Parlando ancora della «tempesta detta “Niño costiero” che l’anno scorso ha duramente colpito la popolazione» di Trujillo, il Papa è tornato a ricordare che bisogna reagire anche ad altre tempeste, che sono «la malavita, la mancanza di educazione, di lavoro e di alloggio sicuro. A Trujillo ho incontrato anche i sacerdoti e i consacrati del nord del Perù, condividendo con loro la gioia della chiamata e della missione, e la responsabilità della comunione nella Chiesa. Li ho esortati ad essere ricchi di memoria e fedeli alle loro radici. E tra queste radici vi è la devozione popolare alla Vergine Maria. Sempre a Trujillo ha avuto luogo la celebrazione mariana in cui ho incoronato la Vergine della Porta, proclamandola “Madre della Misericordia e della Speranza”».
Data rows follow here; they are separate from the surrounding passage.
lemma glue_maximal_clique_complete:
  assumes mc: "maximal_clique V (glue A B M S) \<Omega>" and meet: "\<Omega> \<inter> M \<noteq> {}"
    and MV: "M \<subseteq> V" and Mcl: "\<forall>x\<in>M. \<forall>y\<in>M. x \<noteq> y \<longrightarrow> {x, y} \<in> B"
  shows "M \<subseteq> \<Omega>"
proof -
  have cl: "clique V (glue A B M S) \<Omega>"
    and max: "\<And>K. clique V (glue A B M S) K \<Longrightarrow> \<Omega> \<subseteq> K \<Longrightarrow> K = \<Omega>"
    using mc unfolding maximal_clique_def by blast+
  have out: "\<Omega> - M \<subseteq> S" using glue_clique_outside[OF cl] meet by blast
  have "clique V (glue A B M S) (\<Omega> \<union> M)"
    using cl out MV Mcl unfolding clique_def glue_def by (auto simp: insert_commute)
  then show ?thesis using max by blast
qed

end

text \<open>Let M be a clique of a chordal graph F and T the set of common F-neighbours of M outside M.
  In a chordless cycle of the graph that keeps from the edges between M and the rest of V only
  the M-T edges, and that starts in M and then leaves M, all vertices after the first lie
  outside M; there the graph agrees with F, so they form an induced path of F.\<close>

lemma glue_complete_crossing_tail:
  assumes F2: "\<forall>e\<in>F. card e = 2"
    and Mcl: "\<forall>x\<in>M. \<forall>y\<in>M. x \<noteq> y \<longrightarrow> {x, y} \<in> F"
    and T: "T = {x \<in> V - M. \<forall>m\<in>M. {m, x} \<in> F}"
    and cyc: "is_cycle V (glue {e \<in> F. e \<subseteq> V - M} {e \<in> F. e \<subseteq> M} M T) ys"
    and nc: "\<not> has_chord (glue {e \<in> F. e \<subseteq> V - M} {e \<in> F. e \<subseteq> M} M T) ys"
    and y0: "ys ! 0 \<in> M" and y1: "ys ! 1 \<notin> M"
  shows "set (tl ys) \<subseteq> V - M" "induced_path F (tl ys)"
proof -
  let ?A = "{e \<in> F. e \<subseteq> V - M}" and ?B = "{e \<in> F. e \<subseteq> M}"
  let ?G = "glue ?A ?B M T" and ?ps = "tl ys"
  have parts: "(V - M) \<inter> M = {}" "\<forall>e\<in>?A. e \<subseteq> V - M" "\<forall>e\<in>?B. e \<subseteq> M" "T \<subseteq> V - M"
    using T by auto
  have GF: "?G \<subseteq> F" using T unfolding glue_def by auto
  have "ys ! k \<notin> M" if "1 \<le> k" "k < length ys" for k
    using glue_chordless_cycle_leaves_clique[OF parts cyc nc y0 y1] Mcl that by auto
  then have "x \<notin> M" if "x \<in> set ?ps" for x
    using that by (auto simp: in_set_conv_nth nth_tl)
  moreover have "set ?ps \<subseteq> V" using cyc by (cases ys) (auto simp: is_cycle_def)
  ultimately show psX: "set ?ps \<subseteq> V - M" by blast
  have "induced_path ?G ?ps" using chordless_cycle_tail[OF cyc nc] GF F2 by blast
  moreover have "{x, y} \<in> F \<longleftrightarrow> {x, y} \<in> ?G" if "x \<in> set ?ps" "y \<in> set ?ps" for x y
    using that psX GF unfolding glue_def by auto
  ultimately show "induced_path F ?ps" using induced_path_cong by blast
qed

text \<open>Such a cycle does not exist: the ends of that induced path lie in T, so by chordality
  every vertex of M is adjacent to the whole path; hence the third vertex of the cycle lies
  in T and is joined to the first by a chord.\<close>

lemma glue_complete_module_crossing:
  assumes ch: "chordal V F" and F2: "\<forall>e\<in>F. card e = 2" and MV: "M \<subseteq> V"
    and Mcl: "\<forall>x\<in>M. \<forall>y\<in>M. x \<noteq> y \<longrightarrow> {x, y} \<in> F"
    and T: "T = {x \<in> V - M. \<forall>m\<in>M. {m, x} \<in> F}"
    and cyc: "is_cycle V (glue {e \<in> F. e \<subseteq> V - M} {e \<in> F. e \<subseteq> M} M T) ys"
    and y0: "ys ! 0 \<in> M" and y1: "ys ! 1 \<notin> M"
  shows "has_chord (glue {e \<in> F. e \<subseteq> V - M} {e \<in> F. e \<subseteq> M} M T) ys"
proof (rule ccontr)
  let ?G = "glue {e \<in> F. e \<subseteq> V - M} {e \<in> F. e \<subseteq> M} M T" and ?n = "length ys"
  let ?ps = "tl ys"
  assume nc: "\<not> has_chord ?G ys"
  have parts: "(V - M) \<inter> M = {}" "\<forall>e\<in>{e \<in> F. e \<subseteq> V - M}. e \<subseteq> V - M"
    "\<forall>e\<in>{e \<in> F. e \<subseteq> M}. e \<subseteq> M" "T \<subseteq> V - M"
    using T by auto
  have n: "?n \<ge> 4" using is_cycle_length[OF cyc] .
  have psn: "?ps ! a = ys ! Suc a" if "a < length ?ps" for a using that by (simp add: nth_tl)
  have psX: "set ?ps \<subseteq> V - M" and path: "induced_path F ?ps"
    using glue_complete_crossing_tail[OF F2 Mcl T cyc nc y0 y1] by blast+
  have "Suc (length ?ps - 1) = ?n - 1" using n by simp
  then have ends: "?ps ! 0 \<in> T" "?ps ! (length ?ps - 1) \<in> T"
    using glue_chordless_cycle_ends[OF parts cyc nc y0 y1] n psn by auto
  have "{m, ?ps ! 1} \<in> F" if m: "m \<in> M" for m
  proof (rule chordal_apex_path[OF ch path])
    show "{m, ?ps ! 0} \<in> F" "{m, ?ps ! (length ?ps - 1)} \<in> F" using ends T m by auto
  qed (use psX n m MV in auto)
  moreover have "1 < length ?ps" using n by simp
  then have "?ps ! 1 \<in> V - M" "?ps ! 1 = ys ! 2"
    using psX nth_mem psn[of 1] by (blast, simp add: numeral_2_eq_2)
  ultimately have "ys ! 2 \<in> T" using T by auto
  then have "{ys ! 0, ys ! 2} \<in> ?G" using y0 by (simp add: glue_join)
  then show False using has_chord_0_2[OF n] nc by blast
qed

lemma glue_chordal_complete_module:
  assumes ch: "chordal V F" and F2: "\<forall>e\<in>F. card e = 2" and MV: "M \<subseteq> V"
    and Mcl: "\<forall>x\<in>M. \<forall>y\<in>M. x \<noteq> y \<longrightarrow> {x, y} \<in> F"
    and T: "T = {x \<in> V - M. \<forall>m\<in>M. {m, x} \<in> F}"
  shows "chordal V (glue {e \<in> F. e \<subseteq> V - M} {e \<in> F. e \<subseteq> M} M T)"
proof -
  have V: "(V - M) \<union> M = V" using MV by blast
  have "chordal ((V - M) \<union> M) (glue {e \<in> F. e \<subseteq> V - M} {e \<in> F. e \<subseteq> M} M T)"
  proof (rule glue_chordal_crossing)
    show "(V - M) \<inter> M = {}" "\<forall>e\<in>{e \<in> F. e \<subseteq> V - M}. e \<subseteq> V - M"
      "\<forall>e\<in>{e \<in> F. e \<subseteq> M}. e \<subseteq> M" "T \<subseteq> V - M" using T by auto
    show "chordal (V - M) {e \<in> F. e \<subseteq> V - M}" "chordal M {e \<in> F. e \<subseteq> M}"
      using chordal_induced[OF ch] MV by auto
  qed (use glue_complete_module_crossing[OF ch F2 MV Mcl T] V in auto)
  then show ?thesis using V by simp
qed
E ancora l’incontro con le «500 religiose di vita contemplativa: un vero “polmone” di fede e di preghiera per la Chiesa e per tutta la società» e lo «speciale atto di preghiera per intercessione dei Santi peruviani, a cui ha fatto seguito l’incontro con i Vescovi del Paese, ai quali ho proposto la figura esemplare di San Toribio di Mogrovejo. Anche ai giovani peruviani ho indicato i Santi come uomini e donne che non hanno perso tempo a “truccare” la propria immagine, ma hanno seguito Cristo, che li ha guardati con speranza».